____ Records shown

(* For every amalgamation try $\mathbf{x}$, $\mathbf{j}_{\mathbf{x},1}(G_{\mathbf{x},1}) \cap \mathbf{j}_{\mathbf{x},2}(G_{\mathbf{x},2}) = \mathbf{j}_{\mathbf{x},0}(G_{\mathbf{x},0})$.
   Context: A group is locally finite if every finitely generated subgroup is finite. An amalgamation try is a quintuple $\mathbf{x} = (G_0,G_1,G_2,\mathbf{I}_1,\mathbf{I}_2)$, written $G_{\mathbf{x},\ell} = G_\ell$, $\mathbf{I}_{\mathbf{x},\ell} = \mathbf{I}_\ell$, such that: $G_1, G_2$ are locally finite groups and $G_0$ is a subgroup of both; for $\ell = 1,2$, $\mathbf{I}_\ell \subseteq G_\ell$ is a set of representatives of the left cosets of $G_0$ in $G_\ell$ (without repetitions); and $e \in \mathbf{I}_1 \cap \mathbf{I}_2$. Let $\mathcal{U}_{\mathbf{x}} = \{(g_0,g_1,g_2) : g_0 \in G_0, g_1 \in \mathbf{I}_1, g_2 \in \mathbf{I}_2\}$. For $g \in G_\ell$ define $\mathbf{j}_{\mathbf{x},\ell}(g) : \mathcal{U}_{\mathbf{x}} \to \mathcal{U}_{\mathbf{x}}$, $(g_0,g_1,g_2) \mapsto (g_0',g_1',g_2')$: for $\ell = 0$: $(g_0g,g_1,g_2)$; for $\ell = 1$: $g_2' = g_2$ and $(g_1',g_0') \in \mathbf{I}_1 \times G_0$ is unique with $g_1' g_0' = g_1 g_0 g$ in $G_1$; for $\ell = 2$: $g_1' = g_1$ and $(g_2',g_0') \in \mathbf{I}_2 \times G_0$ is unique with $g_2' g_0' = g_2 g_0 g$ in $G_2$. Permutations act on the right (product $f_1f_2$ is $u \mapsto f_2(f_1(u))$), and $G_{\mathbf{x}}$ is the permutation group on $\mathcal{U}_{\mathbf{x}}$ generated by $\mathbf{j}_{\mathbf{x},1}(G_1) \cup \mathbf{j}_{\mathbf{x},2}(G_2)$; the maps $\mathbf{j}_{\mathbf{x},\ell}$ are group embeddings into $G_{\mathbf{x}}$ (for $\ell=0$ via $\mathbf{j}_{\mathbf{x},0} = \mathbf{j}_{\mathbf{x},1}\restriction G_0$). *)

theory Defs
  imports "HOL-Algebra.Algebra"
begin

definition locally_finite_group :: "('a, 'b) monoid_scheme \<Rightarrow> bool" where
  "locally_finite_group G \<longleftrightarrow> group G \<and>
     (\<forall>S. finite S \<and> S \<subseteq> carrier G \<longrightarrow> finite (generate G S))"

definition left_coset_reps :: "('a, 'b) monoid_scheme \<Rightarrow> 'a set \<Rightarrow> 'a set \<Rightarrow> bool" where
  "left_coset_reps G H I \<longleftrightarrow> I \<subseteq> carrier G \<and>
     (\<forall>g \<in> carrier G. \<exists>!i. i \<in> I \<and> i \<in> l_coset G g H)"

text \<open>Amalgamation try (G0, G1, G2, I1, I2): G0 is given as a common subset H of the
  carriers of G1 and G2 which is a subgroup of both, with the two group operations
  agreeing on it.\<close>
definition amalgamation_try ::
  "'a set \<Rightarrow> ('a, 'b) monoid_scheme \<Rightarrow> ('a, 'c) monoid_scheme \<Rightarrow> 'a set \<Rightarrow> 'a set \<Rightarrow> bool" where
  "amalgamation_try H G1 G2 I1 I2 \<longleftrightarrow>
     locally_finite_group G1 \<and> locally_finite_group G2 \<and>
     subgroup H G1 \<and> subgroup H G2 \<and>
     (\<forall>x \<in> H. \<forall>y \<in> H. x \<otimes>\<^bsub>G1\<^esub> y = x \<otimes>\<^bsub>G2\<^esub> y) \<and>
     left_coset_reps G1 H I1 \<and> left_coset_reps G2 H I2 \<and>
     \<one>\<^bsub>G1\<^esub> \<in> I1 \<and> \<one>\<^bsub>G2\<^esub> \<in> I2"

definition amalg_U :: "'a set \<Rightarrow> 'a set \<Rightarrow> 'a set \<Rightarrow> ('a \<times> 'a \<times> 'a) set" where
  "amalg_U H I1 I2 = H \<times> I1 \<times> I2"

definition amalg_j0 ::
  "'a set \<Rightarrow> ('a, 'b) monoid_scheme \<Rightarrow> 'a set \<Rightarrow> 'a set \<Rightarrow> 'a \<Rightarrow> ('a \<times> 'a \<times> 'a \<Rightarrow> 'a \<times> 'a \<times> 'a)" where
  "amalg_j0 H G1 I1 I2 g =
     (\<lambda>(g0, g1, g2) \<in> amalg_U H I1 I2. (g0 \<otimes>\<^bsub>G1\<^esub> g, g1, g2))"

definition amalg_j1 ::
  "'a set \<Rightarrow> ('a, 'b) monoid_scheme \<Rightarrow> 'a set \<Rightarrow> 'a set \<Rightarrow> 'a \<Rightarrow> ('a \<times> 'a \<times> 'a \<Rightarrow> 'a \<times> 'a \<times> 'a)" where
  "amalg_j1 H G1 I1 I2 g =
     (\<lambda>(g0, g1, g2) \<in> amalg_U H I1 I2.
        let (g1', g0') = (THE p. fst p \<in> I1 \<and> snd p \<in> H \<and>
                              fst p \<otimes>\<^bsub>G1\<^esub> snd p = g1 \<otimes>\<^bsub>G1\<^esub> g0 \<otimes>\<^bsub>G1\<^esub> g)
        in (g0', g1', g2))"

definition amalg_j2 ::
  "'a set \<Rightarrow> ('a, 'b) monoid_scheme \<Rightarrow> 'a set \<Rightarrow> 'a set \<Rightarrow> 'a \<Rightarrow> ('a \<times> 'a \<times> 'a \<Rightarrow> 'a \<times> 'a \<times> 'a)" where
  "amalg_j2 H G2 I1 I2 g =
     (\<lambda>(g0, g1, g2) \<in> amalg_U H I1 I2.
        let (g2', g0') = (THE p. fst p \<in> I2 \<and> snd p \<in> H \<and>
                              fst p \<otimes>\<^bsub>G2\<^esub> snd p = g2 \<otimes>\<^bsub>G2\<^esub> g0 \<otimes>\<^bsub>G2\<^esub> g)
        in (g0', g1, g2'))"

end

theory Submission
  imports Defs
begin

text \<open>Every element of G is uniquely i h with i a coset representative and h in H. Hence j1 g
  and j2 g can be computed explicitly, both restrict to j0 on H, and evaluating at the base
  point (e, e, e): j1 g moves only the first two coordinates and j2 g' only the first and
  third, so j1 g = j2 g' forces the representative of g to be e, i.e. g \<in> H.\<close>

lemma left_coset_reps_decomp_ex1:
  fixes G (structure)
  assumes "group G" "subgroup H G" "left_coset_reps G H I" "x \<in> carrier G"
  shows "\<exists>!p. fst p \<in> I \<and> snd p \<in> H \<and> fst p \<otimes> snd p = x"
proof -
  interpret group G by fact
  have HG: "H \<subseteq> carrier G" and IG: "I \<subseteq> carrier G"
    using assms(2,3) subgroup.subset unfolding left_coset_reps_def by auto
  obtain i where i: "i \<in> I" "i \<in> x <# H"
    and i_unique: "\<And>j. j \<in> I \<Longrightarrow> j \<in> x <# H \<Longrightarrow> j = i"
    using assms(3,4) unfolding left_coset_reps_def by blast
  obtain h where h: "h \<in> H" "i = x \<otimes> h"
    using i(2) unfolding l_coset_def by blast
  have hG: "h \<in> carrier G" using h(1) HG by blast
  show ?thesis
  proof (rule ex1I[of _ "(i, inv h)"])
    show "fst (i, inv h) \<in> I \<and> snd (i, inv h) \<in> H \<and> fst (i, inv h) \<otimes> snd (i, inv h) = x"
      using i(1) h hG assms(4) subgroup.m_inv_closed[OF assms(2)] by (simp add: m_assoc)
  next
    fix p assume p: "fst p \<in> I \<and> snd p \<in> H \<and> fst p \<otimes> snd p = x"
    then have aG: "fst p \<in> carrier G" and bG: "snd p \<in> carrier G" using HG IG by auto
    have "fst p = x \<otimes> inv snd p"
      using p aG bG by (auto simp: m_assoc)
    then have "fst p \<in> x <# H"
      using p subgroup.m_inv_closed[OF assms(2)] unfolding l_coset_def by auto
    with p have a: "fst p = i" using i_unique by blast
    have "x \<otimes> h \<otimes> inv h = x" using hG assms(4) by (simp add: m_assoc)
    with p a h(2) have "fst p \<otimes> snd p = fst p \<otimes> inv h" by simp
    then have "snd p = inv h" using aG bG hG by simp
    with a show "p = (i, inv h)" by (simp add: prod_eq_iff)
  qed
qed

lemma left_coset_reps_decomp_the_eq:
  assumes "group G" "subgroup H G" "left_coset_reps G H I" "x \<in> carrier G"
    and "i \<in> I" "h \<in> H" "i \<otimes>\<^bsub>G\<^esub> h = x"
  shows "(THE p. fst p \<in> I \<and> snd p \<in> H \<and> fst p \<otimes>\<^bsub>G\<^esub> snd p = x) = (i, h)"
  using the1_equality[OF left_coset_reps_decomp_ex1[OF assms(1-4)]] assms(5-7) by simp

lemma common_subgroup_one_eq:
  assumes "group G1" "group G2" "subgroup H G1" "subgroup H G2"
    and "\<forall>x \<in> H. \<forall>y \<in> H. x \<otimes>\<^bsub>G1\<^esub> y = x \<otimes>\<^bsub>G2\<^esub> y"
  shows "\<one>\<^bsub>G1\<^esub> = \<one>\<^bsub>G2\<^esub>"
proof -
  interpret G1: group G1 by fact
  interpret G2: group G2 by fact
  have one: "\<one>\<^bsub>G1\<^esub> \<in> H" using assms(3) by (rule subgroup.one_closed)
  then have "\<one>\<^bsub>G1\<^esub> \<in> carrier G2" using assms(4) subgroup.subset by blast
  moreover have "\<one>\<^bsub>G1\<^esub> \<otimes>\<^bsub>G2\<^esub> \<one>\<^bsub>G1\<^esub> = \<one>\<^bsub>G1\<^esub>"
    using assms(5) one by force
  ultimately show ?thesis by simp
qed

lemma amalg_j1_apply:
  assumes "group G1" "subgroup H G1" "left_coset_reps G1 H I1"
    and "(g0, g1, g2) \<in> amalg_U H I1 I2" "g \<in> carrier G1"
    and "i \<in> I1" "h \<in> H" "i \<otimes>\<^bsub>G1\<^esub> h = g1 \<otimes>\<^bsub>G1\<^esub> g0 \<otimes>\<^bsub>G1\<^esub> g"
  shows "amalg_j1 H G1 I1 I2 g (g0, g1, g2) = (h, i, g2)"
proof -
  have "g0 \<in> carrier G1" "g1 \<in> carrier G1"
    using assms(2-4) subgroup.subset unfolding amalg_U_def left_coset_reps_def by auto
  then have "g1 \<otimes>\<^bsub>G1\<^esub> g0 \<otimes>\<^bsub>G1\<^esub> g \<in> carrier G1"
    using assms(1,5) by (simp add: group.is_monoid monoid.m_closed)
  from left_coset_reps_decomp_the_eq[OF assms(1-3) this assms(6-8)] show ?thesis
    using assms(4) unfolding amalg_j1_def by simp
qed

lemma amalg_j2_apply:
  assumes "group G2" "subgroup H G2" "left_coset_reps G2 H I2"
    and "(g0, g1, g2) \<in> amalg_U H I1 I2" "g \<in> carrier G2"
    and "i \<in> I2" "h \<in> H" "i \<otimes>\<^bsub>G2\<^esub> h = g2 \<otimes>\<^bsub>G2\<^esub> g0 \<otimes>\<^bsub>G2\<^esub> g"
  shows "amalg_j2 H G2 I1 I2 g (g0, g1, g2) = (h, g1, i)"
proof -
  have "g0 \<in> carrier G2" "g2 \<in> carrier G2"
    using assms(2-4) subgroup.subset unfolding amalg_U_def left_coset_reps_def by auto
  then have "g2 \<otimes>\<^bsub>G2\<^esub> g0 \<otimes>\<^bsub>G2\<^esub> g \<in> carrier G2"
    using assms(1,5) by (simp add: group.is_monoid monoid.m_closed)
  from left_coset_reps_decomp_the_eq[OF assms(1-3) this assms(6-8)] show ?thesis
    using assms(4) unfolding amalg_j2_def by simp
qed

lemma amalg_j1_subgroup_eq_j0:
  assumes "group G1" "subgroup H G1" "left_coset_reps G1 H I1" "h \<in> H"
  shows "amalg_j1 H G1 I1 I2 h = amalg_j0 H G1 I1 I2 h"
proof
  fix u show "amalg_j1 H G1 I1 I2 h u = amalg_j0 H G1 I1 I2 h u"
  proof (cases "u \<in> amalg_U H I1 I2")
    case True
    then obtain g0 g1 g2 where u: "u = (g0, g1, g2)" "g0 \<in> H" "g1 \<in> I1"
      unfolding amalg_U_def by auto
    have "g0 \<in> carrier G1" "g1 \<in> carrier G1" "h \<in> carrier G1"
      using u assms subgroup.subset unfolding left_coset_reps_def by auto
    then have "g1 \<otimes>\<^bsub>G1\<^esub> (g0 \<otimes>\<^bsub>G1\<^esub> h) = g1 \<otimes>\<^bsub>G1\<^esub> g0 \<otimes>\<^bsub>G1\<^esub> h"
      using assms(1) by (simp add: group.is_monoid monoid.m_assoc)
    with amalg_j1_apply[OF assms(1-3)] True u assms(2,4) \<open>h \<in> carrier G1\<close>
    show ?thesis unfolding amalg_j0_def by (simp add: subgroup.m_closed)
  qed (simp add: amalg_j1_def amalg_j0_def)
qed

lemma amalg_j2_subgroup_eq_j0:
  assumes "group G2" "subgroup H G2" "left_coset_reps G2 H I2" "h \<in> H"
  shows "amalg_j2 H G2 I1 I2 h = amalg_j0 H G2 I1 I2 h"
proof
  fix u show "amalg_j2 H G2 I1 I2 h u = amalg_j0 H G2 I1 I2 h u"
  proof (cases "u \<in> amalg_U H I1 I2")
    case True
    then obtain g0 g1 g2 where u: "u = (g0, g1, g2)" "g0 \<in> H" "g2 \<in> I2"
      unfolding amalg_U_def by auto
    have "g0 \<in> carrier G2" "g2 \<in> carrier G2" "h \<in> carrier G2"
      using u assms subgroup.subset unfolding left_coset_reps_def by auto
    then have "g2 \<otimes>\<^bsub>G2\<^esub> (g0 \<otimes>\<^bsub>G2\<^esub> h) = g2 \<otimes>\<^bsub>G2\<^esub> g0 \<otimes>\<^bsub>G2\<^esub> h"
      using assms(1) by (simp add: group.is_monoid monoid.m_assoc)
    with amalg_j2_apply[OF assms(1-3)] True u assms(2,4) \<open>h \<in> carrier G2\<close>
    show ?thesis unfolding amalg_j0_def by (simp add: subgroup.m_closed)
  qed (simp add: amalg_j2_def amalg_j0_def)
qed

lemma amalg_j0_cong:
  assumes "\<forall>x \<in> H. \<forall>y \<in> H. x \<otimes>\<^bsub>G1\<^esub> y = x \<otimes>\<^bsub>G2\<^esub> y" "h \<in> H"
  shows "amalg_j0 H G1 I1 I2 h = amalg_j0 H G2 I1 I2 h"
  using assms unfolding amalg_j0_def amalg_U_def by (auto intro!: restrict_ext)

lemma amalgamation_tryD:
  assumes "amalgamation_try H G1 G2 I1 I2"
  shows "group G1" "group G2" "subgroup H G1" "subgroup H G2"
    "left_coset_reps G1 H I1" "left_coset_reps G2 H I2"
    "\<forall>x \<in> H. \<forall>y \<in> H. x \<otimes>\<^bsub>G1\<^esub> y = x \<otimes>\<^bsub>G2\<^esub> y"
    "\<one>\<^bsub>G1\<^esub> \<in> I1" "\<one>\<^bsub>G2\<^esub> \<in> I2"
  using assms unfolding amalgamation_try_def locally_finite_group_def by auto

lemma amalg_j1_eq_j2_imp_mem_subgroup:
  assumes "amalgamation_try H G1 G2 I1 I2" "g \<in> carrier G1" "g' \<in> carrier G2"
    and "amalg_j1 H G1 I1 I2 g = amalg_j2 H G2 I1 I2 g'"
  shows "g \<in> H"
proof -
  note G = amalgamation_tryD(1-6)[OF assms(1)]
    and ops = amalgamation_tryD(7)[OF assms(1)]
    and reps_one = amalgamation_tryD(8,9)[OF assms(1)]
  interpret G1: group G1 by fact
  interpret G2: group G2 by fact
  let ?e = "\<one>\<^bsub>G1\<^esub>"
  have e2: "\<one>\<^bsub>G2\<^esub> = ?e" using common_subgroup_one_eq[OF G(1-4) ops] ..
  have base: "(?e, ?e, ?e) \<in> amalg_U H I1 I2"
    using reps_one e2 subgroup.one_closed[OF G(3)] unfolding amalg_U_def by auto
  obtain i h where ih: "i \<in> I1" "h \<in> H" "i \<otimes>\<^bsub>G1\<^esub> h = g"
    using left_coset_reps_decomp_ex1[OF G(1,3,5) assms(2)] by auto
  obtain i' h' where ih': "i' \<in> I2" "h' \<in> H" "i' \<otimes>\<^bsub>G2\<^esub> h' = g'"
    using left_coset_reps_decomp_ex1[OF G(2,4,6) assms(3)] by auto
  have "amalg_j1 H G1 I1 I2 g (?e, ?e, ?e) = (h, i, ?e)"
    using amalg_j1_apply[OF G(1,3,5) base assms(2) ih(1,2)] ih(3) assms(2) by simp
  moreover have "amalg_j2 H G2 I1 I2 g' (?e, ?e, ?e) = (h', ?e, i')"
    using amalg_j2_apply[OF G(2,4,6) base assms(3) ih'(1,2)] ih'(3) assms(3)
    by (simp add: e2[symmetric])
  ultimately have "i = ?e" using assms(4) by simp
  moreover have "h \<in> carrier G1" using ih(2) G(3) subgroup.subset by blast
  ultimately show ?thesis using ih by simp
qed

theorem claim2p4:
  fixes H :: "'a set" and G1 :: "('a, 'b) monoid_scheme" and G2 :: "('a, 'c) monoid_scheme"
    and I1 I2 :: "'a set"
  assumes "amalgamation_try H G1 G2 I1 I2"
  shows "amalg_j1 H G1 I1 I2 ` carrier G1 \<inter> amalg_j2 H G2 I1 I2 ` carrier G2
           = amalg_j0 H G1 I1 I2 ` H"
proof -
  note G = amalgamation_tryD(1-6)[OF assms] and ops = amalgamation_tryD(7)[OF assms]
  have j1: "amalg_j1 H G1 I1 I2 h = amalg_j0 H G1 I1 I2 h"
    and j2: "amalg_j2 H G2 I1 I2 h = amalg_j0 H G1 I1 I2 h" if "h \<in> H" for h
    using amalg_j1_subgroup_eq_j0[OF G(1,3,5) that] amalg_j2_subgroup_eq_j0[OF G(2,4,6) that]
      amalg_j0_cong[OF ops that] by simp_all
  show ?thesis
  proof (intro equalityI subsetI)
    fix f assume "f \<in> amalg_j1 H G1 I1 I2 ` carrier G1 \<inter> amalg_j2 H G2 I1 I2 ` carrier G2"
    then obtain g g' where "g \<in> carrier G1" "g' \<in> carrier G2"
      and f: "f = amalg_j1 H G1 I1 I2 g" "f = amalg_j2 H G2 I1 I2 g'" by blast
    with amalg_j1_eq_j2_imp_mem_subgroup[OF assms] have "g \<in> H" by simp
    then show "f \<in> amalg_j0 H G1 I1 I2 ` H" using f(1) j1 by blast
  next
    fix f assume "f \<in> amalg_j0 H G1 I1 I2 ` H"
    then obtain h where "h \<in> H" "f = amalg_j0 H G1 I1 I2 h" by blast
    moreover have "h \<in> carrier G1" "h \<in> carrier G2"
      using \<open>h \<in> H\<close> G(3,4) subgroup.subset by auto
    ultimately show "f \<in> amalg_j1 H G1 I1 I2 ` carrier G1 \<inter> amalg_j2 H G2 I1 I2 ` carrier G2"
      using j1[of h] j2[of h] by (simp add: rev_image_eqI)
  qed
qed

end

________

Assigned task:
Look back at the data above. Transcribe exactly the lines starting at the line that contains "note G = amalgamation_tryD(1-6)[OF assms]" and ending at the line that contains "then obtain g g'".

Written response:
  note G = amalgamation_tryD(1-6)[OF assms] and ops = amalgamation_tryD(7)[OF assms]
  have j1: "amalg_j1 H G1 I1 I2 h = amalg_j0 H G1 I1 I2 h"
    and j2: "amalg_j2 H G2 I1 I2 h = amalg_j0 H G1 I1 I2 h" if "h \<in> H" for h
    using amalg_j1_subgroup_eq_j0[OF G(1,3,5) that] amalg_j2_subgroup_eq_j0[OF G(2,4,6) that]
      amalg_j0_cong[OF ops that] by simp_all
  show ?thesis
  proof (intro equalityI subsetI)
    fix f assume "f \<in> amalg_j1 H G1 I1 I2 ` carrier G1 \<inter> amalg_j2 H G2 I1 I2 ` carrier G2"
    then obtain g g' where "g \<in> carrier G1" "g' \<in> carrier G2"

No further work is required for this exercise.